Entre o misticismo do prog
clássico e a aura etérea do folk setentista. Assim se podem definir os Phantom
Spell, projeto criado por Kyle McNeill, também conhecido pela sua ligação aos
Seven Sisters. Depois do aclamado Immortal’s Requiem, McNeill, que,
entretanto, se mudou para Espanha, regressa com Heather & Hearth. E,
na opinião do multi-instrumentista, este é um disco mais intimista, onde a
nostalgia, a saudade e as raízes britânicas se cruzam com narrativas
fantásticas e reflexivas.
Olá, Kyle, obrigado
pela disponibilidade! Como estás? O que tens feito desde a última vez que
conversámos?
Olá! Estou muito bem, obrigado. Tenho andado a vaguear
pela minha torre, a compor novas músicas, a mexer no nariz – coisas típicas de
feiticeiros.
O teu álbum de estreia,
Immortal’s
Requiem, surgiu da solidão dos confinamentos, permitindo-te construir
Phantom Spell inteiramente sozinho no Wizard Tower Studios. Com Heather
& Hearth, como é que a tua mentalidade ou abordagem evoluiu, criativa e
tecnicamente, durante a produção?
Foi muito semelhante, mas com uma abordagem mais
refinada. Tenho um equipamento de gravação limitado, por isso tenho de tocar
com os meus pontos fortes. Há bastante guitarra acústica neste álbum, o que
pode ser complicado de gravar se tiveres um ambiente ruidoso. Concentrei-me em
obter os sons o mais próximo possível do produto final durante a gravação, tal
como se faria ao gravar em fita. Isso fez-me considerar cada decisão com mais
cuidado. Queria que, quando todos os faders estivessem ajustados para
zero, o som fosse praticamente igual ao do disco. É muito fácil «consertar na mistura»

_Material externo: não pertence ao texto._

lemma pairing_weight_insert_top_arc:
  assumes J: "\<forall>x\<in>J. Suc m < x" and "j \<in> J" and "finite J"
    and V: "V \<in> partial_pairings m (J - {j})"
  shows "pairing_weight q f (insert (Suc m, j) V)
    = q ^ (card (J - {j}) + card {x\<in>J. x < j}) * inner (f (Suc m)) (f j) * pairing_weight q f V"
proof -
  have open_at_top: "fst p < Suc m \<and> Suc m < snd p \<longleftrightarrow> snd p \<in> J - {j}" if "p \<in> V" for p
    using partial_pairing_arc[OF V that] J by auto
  have K: "\<forall>x\<in>J - {j}. m < x" using J by auto
  have "arc_exponent (insert (Suc m, j) V) (Suc m) j
      = card {p\<in>V. snd p \<in> J - {j} \<and> True} + card {p\<in>V. snd p \<in> J - {j} \<and> snd p < j}"
    unfolding arc_exponent_def using open_at_top
    by (intro arg_cong2[where f = "(+)"] arg_cong[where f = card]) auto
  also have "\<dots> = card {x\<in>J - {j}. True} + card {x\<in>J - {j}. x < j}"
    using card_arcs_ending_in[OF V K, of "\<lambda>_. True"] card_arcs_ending_in[OF V K, of "\<lambda>x. x < j"]
    by (simp only:)
  also have "\<dots> = card (J - {j}) + card {x\<in>J. x < j}"
    by (intro arg_cong2[where f = "(+)"] arg_cong[where f = card]) auto
  finally have exponent_top:
    "arc_exponent (insert (Suc m, j) V) (Suc m) j = card (J - {j}) + card {x\<in>J. x < j}" .
  have "arc_exponent (insert (Suc m, j) V) (fst p) (snd p) = arc_exponent V (fst p) (snd p)"
    if "p \<in> V" for p
  proof -
    have "fst p \<le> m" using partial_pairing_arc[OF V that] by simp
    then show ?thesis
      unfolding arc_exponent_def
      by (intro arg_cong2[where f = "(+)"]) (auto intro: arg_cong[where f = card])
  qed
  then have "(\<Prod>p\<in>V. q ^ arc_exponent (insert (Suc m, j) V) (fst p) (snd p)
        * inner (f (fst p)) (f (snd p)))
      = pairing_weight q f V"
    unfolding pairing_weight_def by (intro prod.cong) auto
  moreover have "finite V" using finite_partial_pairing[OF _ V] \<open>finite J\<close> by simp
  ultimately show ?thesis
    unfolding pairing_weight_def[of q f "insert (Suc m, j) V"]
    using top_arc_notin_partial_pairing[OF V] exponent_top by simp
qed
lemma coords_zero [simp]: "coords n 0 = 0"
  by (rule coords_eqI[OF zero_in_N]) (simp add: expand_def coeff_support_def coeff_def zero_prod_def)

lemma coords_uminus: "x \<in> F n \<Longrightarrow> coords n (- x) = - coords n x"
  using coords_add[of x n "- x"] F_uminus by (metis add.right_inverse add.inverse_unique coords_zero)

lemma coords_alt: "x \<in> F n \<Longrightarrow> coords n (alt k x) = alt k (coords n x)"
  by (simp add: alt_def coords_uminus)

lemma coords_scale: "x \<in> F n \<Longrightarrow> coords n (sF c x) = nscale sA c (coords n x)"
  by (rule coords_eqI) (simp_all add: N_nscale coords_in_N expand_nscale[OF coords_in_N] expand_coords)

lemma lin_on_coords: "lin_on sF (F n) (nscale sA) (N n) (coords n)"
  by (simp add: lin_on_def coords_in_N coords_add coords_scale)

lemma coords_act: "b \<in> Bc A i \<Longrightarrow> x \<in> F j \<Longrightarrow> coords (i + j) (act b x) = nact mul i b (coords j x)"
  by (rule coords_eqI) (simp_all add: N_nact coords_in_N act_expand[OF _ coords_in_N, symmetric] expand_coords)

subsection \<open>The transported differential\<close>

definition diff_coords :: "int \<Rightarrow> ('f \<Rightarrow> 'a) \<Rightarrow> ('f \<Rightarrow> 'a) \<times> ('f \<Rightarrow> 'a)" where
  "diff_coords i m = coords (i - 1) (dF (expand (0, m)))"

definition delta_map :: "int \<Rightarrow> ('f \<Rightarrow> 'a) \<Rightarrow> 'f \<Rightarrow> 'a" where
  "delta_map i m = fst (diff_coords i m)"

definition alpha_map :: "int \<Rightarrow> ('f \<Rightarrow> 'a) \<Rightarrow> 'f \<Rightarrow> 'a" where
  "alpha_map i m = snd (diff_coords i m)"

lemma coords_dF_expand: "coords (i - 1) (dF (expand (0, m))) = (delta_map i m, alpha_map i m)"
  by (simp add: delta_map_def alpha_map_def diff_coords_def)

lemma expand_0_in_F: "m \<in> M i \<Longrightarrow> expand (0, m) \<in> F i"
  by (rule expand_in_F) (simp add: Nset_iff)

lemma delta_alpha_in_M:
  assumes "m \<in> M i"
  shows "delta_map i m \<in> M (i - 2)" "alpha_map i m \<in> M (i - 1)"
  using coords_in_N[OF dF_in_F[OF expand_0_in_F[OF assms]]]
  unfolding delta_map_def alpha_map_def diff_coords_def by (simp_all add: Nset_iff diff_diff_eq)

lemma diff_coords_add:
  assumes m: "m \<in> M i" and m': "m' \<in> M i"
  shows "diff_coords i (m + m') = diff_coords i m + diff_coords i m'"
proof -
  have "expand (0, m + m') = expand (0, m) + expand (0, m')"
    using expand_add[of "(0, m)" i "(0, m')"] m m' by (simp add: Nset_iff)
  then show ?thesis
    using expand_0_in_F[OF m] expand_0_in_F[OF m']
    by (simp add: diff_coords_def dF_add coords_add dF_in_F)
qed

lemma diff_coords_mscale:
  assumes m: "m \<in> M i"
  shows "diff_coords i (mscale sA c m) = nscale sA c (diff_coords i m)"
proof -
  have "expand (0, mscale sA c m) = sF c (expand (0, m))"
    using expand_nscale[of "(0, m)" i c] m by (simp add: Nset_iff nscale_def)
  then show ?thesis
    using expand_0_in_F[OF m] by (simp add: diff_coords_def dF_scale coords_scale dF_in_F)
qed

lemma lin_on_delta: "lin_on (mscale sA) (M i) (mscale sA) (M (i - 2)) (delta_map i)"
  using delta_alpha_in_M(1) by (auto simp: lin_on_def delta_map_def diff_coords_add diff_coords_mscale nscale_def)

lemma lin_on_alpha: "lin_on (mscale sA) (M i) (mscale sA) (M (i - 1)) (alpha_map i)"
  using delta_alpha_in_M(2) by (auto simp: lin_on_def alpha_map_def diff_coords_add diff_coords_mscale nscale_def)

lemma lin_on_neg_alpha: "lin_on (mscale sA) (M i) (mscale sA) (M (i - 1)) (\<lambda>m. - alpha_map i m)"
  using lin_on_alpha[of i] by (auto simp: lin_on_def M_uminus mscale_uminus)

lemma lin_on_mscale: "lin_on (mscale sA) (M i) (mscale sA) (M i) (mscale sA c)"
  using M_mscale by (auto simp: lin_on_def mscale_def fun_eq_iff mA.scale_right_distrib mult.commute)

text \<open>Every \<open>x \<in> F\<^sub>i\<close> with coordinates \<open>(u, v)\<close> is \<open>e \<cdot> expand (0, u) + expand (0, v)\<close>,
  where \<open>e = (1, 0)\<close> has \<open>\<partial>\<^sup>B e = t\<close>.\<close>

lemma coords_dF:
  assumes x: "x \<in> F i"
  shows "coords (i - 1) (dF x) = ndiff (\<lambda>i m. - alpha_map i m) (\<lambda>i. mscale sA t) delta_map alpha_map i (coords i x)"
proof -
  obtain u v where uv: "coords i x = (u, v)" by (cases "coords i x")
  have u: "u \<in> M (i - 1)" and v: "v \<in> M i" using coords_in_N[OF x] uv by (auto simp: Nset_iff)
  define e where "e = (one, 0::'a)"
  have e: "e \<in> Bc A 1" by (simp add: e_def Bc_iff one_in_A)
  define y where "y = expand (0, u)"
  define z where "z = expand (0, v)"
  have y: "y \<in> F (i - 1)" and z: "z \<in> F i"
    unfolding y_def z_def using expand_0_in_F u v by blast+
  have u0: "(0, u) \<in> N (i - 1)" using u by (simp add: Nset_iff)
  have coords_y: "coords (i - 1) y = (0, u)" unfolding y_def by (rule coords_expand[OF u0])
  have "act e y = expand (u, 0)"
    using act_expand[OF e u0] u by (simp add: y_def nact_def e_def amul_one)
  moreover have "x = expand (u, 0) + z"
    using expand_coords[OF x] expand_add[of "(u, 0)" i "(0, v)"] u v uv by (simp add: Nset_iff z_def)
  ultimately have "dF x = dF (act e y) + dF z"
    using dF_add act_in_F[OF e y] z by simp
  also have "dF (act e y) = act (0, sA t one) y - act e (dF y)"
    using dF_act[OF e y] by (simp add: bdiff_def e_def)
  finally have dF_x: "dF x = act (0, sA t one) y + - act e (dF y) + dF z" by simp
  have t1: "(0, sA t one) \<in> Bc A 0" by (simp add: Bc_iff A_scale one_in_A)
  have dy: "dF y \<in> F (i - 1 - 1)" by (rule dF_in_F[OF y])
  have F1: "act (0, sA t one) y \<in> F (i - 1)" and F2: "act e (dF y) \<in> F (i - 1)"
    using act_in_F[OF t1 y] act_in_F[OF e dy] by simp_all
  have "coords (i - 1) (dF x)
      = coords (i - 1) (act (0, sA t one) y + - act e (dF y)) + coords (i - 1) (dF z)"
    unfolding dF_x by (rule coords_add[OF F_add[OF F1 F_uminus[OF F2]] dF_in_F[OF z]])
  also have "coords (i - 1) (act (0, sA t one) y + - act e (dF y))
      = coords (i - 1) (act (0, sA t one) y) - coords (i - 1) (act e (dF y))"
    using coords_add[OF F1 F_uminus[OF F2]] coords_uminus[OF F2] by simp
  also have "coords (i - 1) (act (0, sA t one) y) = (0, mscale sA t u)"
    using coords_act[OF t1 y] coords_y u by (simp add: nact_def amul_scale_one A_scale one_in_A)
  also have "coords (i - 1) (act e (dF y)) = (alpha_map (i - 1) u, 0)"
  proof -
    have "coords (i - 1 - 1) (dF y) = (delta_map (i - 1) u, alpha_map (i - 1) u)"
      unfolding y_def by (rule coords_dF_expand)
    then show ?thesis
      using coords_act[OF e dy] delta_alpha_in_M[OF u] by (simp add: nact_def e_def amul_one)
  qed
  also have "coords (i - 1) (dF z) = (delta_map i v, alpha_map i v)"
    unfolding z_def by (rule coords_dF_expand)
  finally show ?thesis
    by (simp add: uv ndiff_def zero_fun_def)
qed

lemma delta_alpha_relations:
  assumes m: "m \<in> M i"
  shows "alpha_map (i - 1) (alpha_map i m) = - mscale sA t (delta_map i m)"
    and "delta_map (i - 1) (alpha_map i m) = alpha_map (i - 2) (delta_map i m)"
proof -
  define w where "w = dF (expand (0, m))"
  have w: "w \<in> F (i - 1)" unfolding w_def by (rule dF_in_F[OF expand_0_in_F[OF m]])
  have "0 = coords (i - 1 - 1) (dF w)"
    using dF_dF[OF expand_0_in_F[OF m]] by (simp add: w_def)
  also have "\<dots> = ndiff (\<lambda>i m. - alpha_map i m) (\<lambda>i. mscale sA t) delta_map alpha_map (i - 1)
      (delta_map i m, alpha_map i m)"
    using coords_dF[OF w] by (simp add: w_def coords_dF_expand)
  finally have "0 = - alpha_map (i - 2) (delta_map i m) + delta_map (i - 1) (alpha_map i m)"
    and "0 = mscale sA t (delta_map i m) + alpha_map (i - 1) (alpha_map i m)"
    by (simp_all add: ndiff_def zero_prod_def diff_diff_eq)
  then show "alpha_map (i - 1) (alpha_map i m) = - mscale sA t (delta_map i m)"
    and "delta_map (i - 1) (alpha_map i m) = alpha_map (i - 2) (delta_map i m)"
    by (metis add.commute add.inverse_unique, metis add.inverse_unique minus_minus)
qed
(* Let $T$ be a finite tree, let $k\ge 1$, and let $S=(W_1,\dots,W_k)$ be a covering strategy for $T$ with $k$ robots (at prescribed starting vertices) whose length $l(S)$ is minimum among all such covering strategies. Then for each $i$ the set of edges traversed by $W_i$ can be decomposed into two sets: the edges of a path $P(W_i)$ and the edges of a forest $F(W_i)$ (subgraphs of $T$), such that: (a) each edge of $P(W_i)$ is traversed exactly once by the $i$-th robot; (b) each edge of $F(W_i)$ is traversed exactly twice by the $i$-th robot and is never traversed by any other robot; (c) each connected component $C$ of $F(W_i)$ satisfies $\left|V(C)\cap \bigcup_{r=1}^k V(P(W_r))\right|=1$; (d) for every pair $j\neq l$, $V(F(W_j))\cap V(F(W_l))\subseteq \bigcup_{r=1}^k V(P(W_r))$.
   Context: Model: $T=(V,E)$ is a tree; robots move along edges, one edge per unit time step, or stay put. A walk is a sequence $W=(u_1,\dots,u_m)$ of vertices of $T$ in which consecutive terms are equal or adjacent; the robot following it stays at $u_m$ afterwards. The time of $W$ is $t(W)=m-1$; the length $l(W)$ is the number of indices $i\in\{1,\dots,m-1\}$ with $u_i\neq u_{i+1}$ (i.e. the number of edge traversals, counted with multiplicity). A strategy with $k$ robots is a $k$-tuple $S=(W_1,\dots,W_k)$ of walks, where $W_i$ starts at the prescribed starting vertex of robot $i$; it is covering if every vertex of $T$ lies in some $W_i$. Its length is $l(S)=\sum_{i=1}^k l(W_i)$. For a graph $G$, $V(G)$ is its vertex set. *)

theory Defs
  imports Main
begin

definition graph :: "'a set \<Rightarrow> 'a set set \<Rightarrow> bool" where
  "graph V E \<longleftrightarrow> finite V \<and> (\<forall>e\<in>E. \<exists>u v. u \<noteq> v \<and> u \<in> V \<and> v \<in> V \<and> e = {u, v})"

definition adj :: "'a set set \<Rightarrow> 'a \<Rightarrow> 'a \<Rightarrow> bool" where
  "adj E u v \<longleftrightarrow> u \<noteq> v \<and> {u, v} \<in> E"

definition is_path :: "'a set set \<Rightarrow> 'a list \<Rightarrow> bool" where
  "is_path E xs \<longleftrightarrow> xs \<noteq> [] \<and> distinct xs \<and>
     (\<forall>i. i + 1 < length xs \<longrightarrow> adj E (xs ! i) (xs ! (i + 1)))"

definition is_cycle :: "'a set set \<Rightarrow> 'a list \<Rightarrow> bool" where
  "is_cycle E xs \<longleftrightarrow> length xs \<ge> 3 \<and> is_path E xs \<and> adj E (last xs) (hd xs)"
(* The translation of LTL formulas whose languages are recognizable by deterministic co-Büchi word automata into GFG-NSWs is doubly exponential: in the worst case, a GFG-NSW equivalent to such a formula requires a number of states doubly exponential in the length of the formula.
   Context: LTL is linear temporal logic; the language of an LTL formula over atomic propositions $AP$ is the set of infinite words over $2^{AP}$ satisfying it. An NSW is a nondeterministic Streett word automaton $\langle\Sigma,Q,Q_0,\delta,\alpha\rangle$ with $\delta:Q\times\Sigma\to2^Q$ and $\alpha$ a set of pairs $\langle E,F\rangle$; a run is accepting iff for every pair the set $S$ of infinitely visited states satisfies $S\cap E=\emptyset$ or $S\cap F\ne\emptyset$. A deterministic co-Büchi word automaton (DCW) is a deterministic automaton with $\alpha\subseteq Q$ accepting runs that visit $\alpha$ only finitely often. An automaton is GFG if there is a strategy $g:\Sigma^*\to Q$ such that for every $w=a_1a_2\cdots$, $g(\epsilon),g(a_1),g(a_1a_2),\ldots$ is a run on $w$, accepting whenever $w$ is in the language. *)

theory Defs
  imports Main
begin

datatype 'ap ltl =
    LTrue
  | Prop 'ap
  | LNot "'ap ltl"
  | LAnd "'ap ltl" "'ap ltl"
  | LNext "'ap ltl"
  | LUntil "'ap ltl" "'ap ltl"

fun ltl_length :: "'ap ltl \<Rightarrow> nat" where
  "ltl_length LTrue = 1"
| "ltl_length (Prop a) = 1"
| "ltl_length (LNot f) = 1 + ltl_length f"
| "ltl_length (LAnd f g) = 1 + ltl_length f + ltl_length g"
| "ltl_length (LNext f) = 1 + ltl_length f"
| "ltl_length (LUntil f g) = 1 + ltl_length f + ltl_length g"

fun ltl_props :: "'ap ltl \<Rightarrow> 'ap set" where
  "ltl_props LTrue = {}"
| "ltl_props (Prop a) = {a}"
| "ltl_props (LNot f) = ltl_props f"
| "ltl_props (LAnd f g) = ltl_props f \<union> ltl_props g"
| "ltl_props (LNext f) = ltl_props f"
| "ltl_props (LUntil f g) = ltl_props f \<union> ltl_props g"

type_synonym 'a word = "nat \<Rightarrow> 'a"

definition suffix_w :: "nat \<Rightarrow> 'a word \<Rightarrow> 'a word" where
  "suffix_w i w = (\<lambda>j. w (i + j))"

fun ltl_sat :: "'ap set word \<Rightarrow> 'ap ltl \<Rightarrow> bool" where
  "ltl_sat w LTrue = True"
| "ltl_sat w (Prop a) = (a \<in> w 0)"
| "ltl_sat w (LNot f) = (\<not> ltl_sat w f)"
| "ltl_sat w (LAnd f g) = (ltl_sat w f \<and> ltl_sat w g)"
| "ltl_sat w (LNext f) = ltl_sat (suffix_w 1 w) f"
| "ltl_sat w (LUntil f g) =
     (\<exists>k. ltl_sat (suffix_w k w) g \<and> (\<forall>j<k. ltl_sat (suffix_w j w) f))"

definition words_over :: "'a set \<Rightarrow> 'a word set" where
  "words_over \<Sigma> = {w. \<forall>i. w i \<in> \<Sigma>}"

definition ltl_lang :: "'ap set \<Rightarrow> 'ap ltl \<Rightarrow> 'ap set word set" where
  "ltl_lang AP f = {w \<in> words_over (Pow AP). ltl_sat w f}"

text \<open>States are taken from nat; every finite automaton is isomorphic to one of this form.\<close>
record 'a nsw =
  nsw_alph :: "'a set"
  nsw_states :: "nat set"
  nsw_init :: "nat set"
  nsw_delta :: "nat \<Rightarrow> 'a \<Rightarrow> nat set"
  nsw_acc :: "(nat set \<times> nat set) set"

definition nsw_wf :: "'a nsw \<Rightarrow> bool" where
  "nsw_wf A \<longleftrightarrow> finite (nsw_states A) \<and> nsw_init A \<subseteq> nsw_states A
     \<and> (\<forall>q \<in> nsw_states A. \<forall>a \<in> nsw_alph A. nsw_delta A q a \<subseteq> nsw_states A)
     \<and> (\<forall>(E,F) \<in> nsw_acc A. E \<subseteq> nsw_states A \<and> F \<subseteq> nsw_states A)"

definition inf_set :: "nat word \<Rightarrow> nat set" where
  "inf_set r = {q. \<exists>\<^sub>\<infinity>i. r i = q}"

definition nsw_run :: "'a nsw \<Rightarrow> 'a word \<Rightarrow> nat word \<Rightarrow> bool" where
  "nsw_run A w r \<longleftrightarrow> r 0 \<in> nsw_init A \<and> (\<forall>i. r (Suc i) \<in> nsw_delta A (r i) (w i))"

definition streett_accepting :: "'a nsw \<Rightarrow> nat word \<Rightarrow> bool" where
  "streett_accepting A r \<longleftrightarrow>
     (\<forall>(E,F) \<in> nsw_acc A. inf_set r \<inter> E = {} \<or> inf_set r \<inter> F \<noteq> {})"

definition nsw_lang :: "'a nsw \<Rightarrow> 'a word set" where
  "nsw_lang A = {w \<in> words_over (nsw_alph A).
      \<exists>r. nsw_run A w r \<and> streett_accepting A r}"

definition prefix_w :: "nat \<Rightarrow> 'a word \<Rightarrow> 'a list" where
  "prefix_w i w = map w [0..<i]"

definition nsw_gfg :: "'a nsw \<Rightarrow> bool" where
  "nsw_gfg A \<longleftrightarrow> (\<exists>g :: 'a list \<Rightarrow> nat.
     \<forall>w \<in> words_over (nsw_alph A).
       nsw_run A w (\<lambda>i. g (prefix_w i w)) \<and>
       (w \<in> nsw_lang A \<longrightarrow> streett_accepting A (\<lambda>i. g (prefix_w i w))))"

record 'a dcw =
  dcw_alph :: "'a set"
  dcw_states :: "nat set"
  dcw_init :: nat
  dcw_delta :: "nat \<Rightarrow> 'a \<Rightarrow> nat"
  dcw_acc :: "nat set"

definition dcw_wf :: "'a dcw \<Rightarrow> bool" where
  "dcw_wf D \<longleftrightarrow> finite (dcw_states D) \<and> dcw_init D \<in> dcw_states D
     \<and> (\<forall>q \<in> dcw_states D. \<forall>a \<in> dcw_alph D. dcw_delta D q a \<in> dcw_states D)
     \<and> dcw_acc D \<subseteq> dcw_states D"

fun dcw_run :: "'a dcw \<Rightarrow> 'a word \<Rightarrow> nat \<Rightarrow> nat" where
  "dcw_run D w 0 = dcw_init D"
| "dcw_run D w (Suc i) = dcw_delta D (dcw_run D w i) (w i)"

definition dcw_lang :: "'a dcw \<Rightarrow> 'a word set" where
  "dcw_lang D = {w \<in> words_over (dcw_alph D).
      finite {i. dcw_run D w i \<in> dcw_acc D}}"

definition dcw_recognizable :: "'a set \<Rightarrow> 'a word set \<Rightarrow> bool" where
  "dcw_recognizable \<Sigma> L \<longleftrightarrow>
     (\<exists>D. dcw_wf D \<and> dcw_alph D = \<Sigma> \<and> dcw_lang D = L)"

end

theory Submission
  imports Defs "HOL-Library.Omega_Words_Fun" "HOL-Library.Countable_Set"
begin

text \<open>Over the propositions \<open>{0..n}\<close>, read \<open>n\<close> as a marker and the propositions below \<open>n\<close> as
  an \<open>n\<close>-bit vector. A word has an echo if the bit vector of some unmarked letter reappears at
  the first marked letter after it. A linear-size LTL formula says this, and a deterministic
  co-Buchi automaton recognizes it by storing the set of bit vectors read since the last marker,
  moving to a sink once an echo occurs.

  In a GFG automaton the strategy must reach different states after unmarked blocks listing
  different sets \<open>S\<close>, \<open>T\<close> of bit vectors: for \<open>v\<close> in \<open>S\<close> but not in \<open>T\<close>, appending \<open>v\<close> marked
  and then only markers yields an echo after \<open>S\<close> but not after \<open>T\<close>, whereas from a common state
  the accepting run on the first word could be grafted onto the strategy's run on the second.
  Hence there are at least \<open>2^2^n\<close> states.\<close>

section \<open>Streett automata and good-for-games strategies\<close>

lemma suffix_w_eq_suffix: "suffix_w = suffix"
  by (simp add: fun_eq_iff suffix_w_def suffix_def)

lemma prefix_w_eq_prefix: "prefix_w = prefix"
  by (simp add: fun_eq_iff prefix_w_def subsequence_def)

lemma inf_set_eq_limit: "inf_set = limit"
  by (simp add: fun_eq_iff inf_set_def limit_def)

lemma words_over_iff_range: "w \<in> words_over \<Sigma> \<longleftrightarrow> range w \<subseteq> \<Sigma>"
  by (auto simp: words_over_def)

lemma nsw_run_in_states:
  assumes "nsw_wf A" "nsw_run A w r" "w \<in> words_over (nsw_alph A)"
  shows "r k \<in> nsw_states A"
proof (induction k)
  case 0
  then show ?case using assms(1,2) by (auto simp: nsw_wf_def nsw_run_def)
next
  case (Suc k)
  have "r (Suc k) \<in> nsw_delta A (r k) (w k)" "w k \<in> nsw_alph A"
    using assms(2,3) by (auto simp: nsw_run_def words_over_def)
  then show ?case using assms(1) Suc by (auto simp: nsw_wf_def)
qed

quando se grava com a tecnologia atual. É claro que isso tem suas vantagens,
mas também há muitas vantagens em se comprometer com o som e ser mais decisivo.
Em termos de composição, a minha maneira de fazer as coisas tem sido
basicamente a mesma há anos. Desenvolvi uma forma de trabalhar que me convém e
estou constantemente a aperfeiçoar o processo à medida que avanço. Passo tempo
a acertar as minhas faixas de bateria e a torná-las o mais musicais possível
para ajudar a concretizar as minhas ideias de uma forma muito mais
satisfatória. Uma coisa que mudei neste álbum foi passar menos tempo nas
faixas demo. Queria que fossem um pouco más e inacabadas para que,
quando chegasse a altura de gravar as músicas corretamente, eu não estivesse
cansado. Isso realmente ajudou a manter a energia e a emoção da música “fresca”
nas versões finais.
Na entrevista anterior,
mencionaste a influência de bandas clássicas do prog, como Kansas e
Camel. Em Heather & Hearth, podemos notar a adição de influências
folk. Essa mudança foi intencional?
Muito! Passo muito tempo a ouvir bandas do
renascimento folk dos anos 60/70, portanto é natural que isso tenha
influenciado a minha composição. Além disso, eu criei o título do álbum antes
de escrever qualquer música para ele, logo isso também me guiou em direção a
ideias mais folk e à estética geral.
Heather & Hearth traz histórias
entrelaçadas sobre lar, fantasia e narrativas cautelares. Pode falar mais sobre
os temas centrais ou personagens aqui?
O tema central do álbum é «lar». É um álbum cheio de
nostalgia, mas também de saudade por coisas que não aconteceram e talvez nunca acontecerão.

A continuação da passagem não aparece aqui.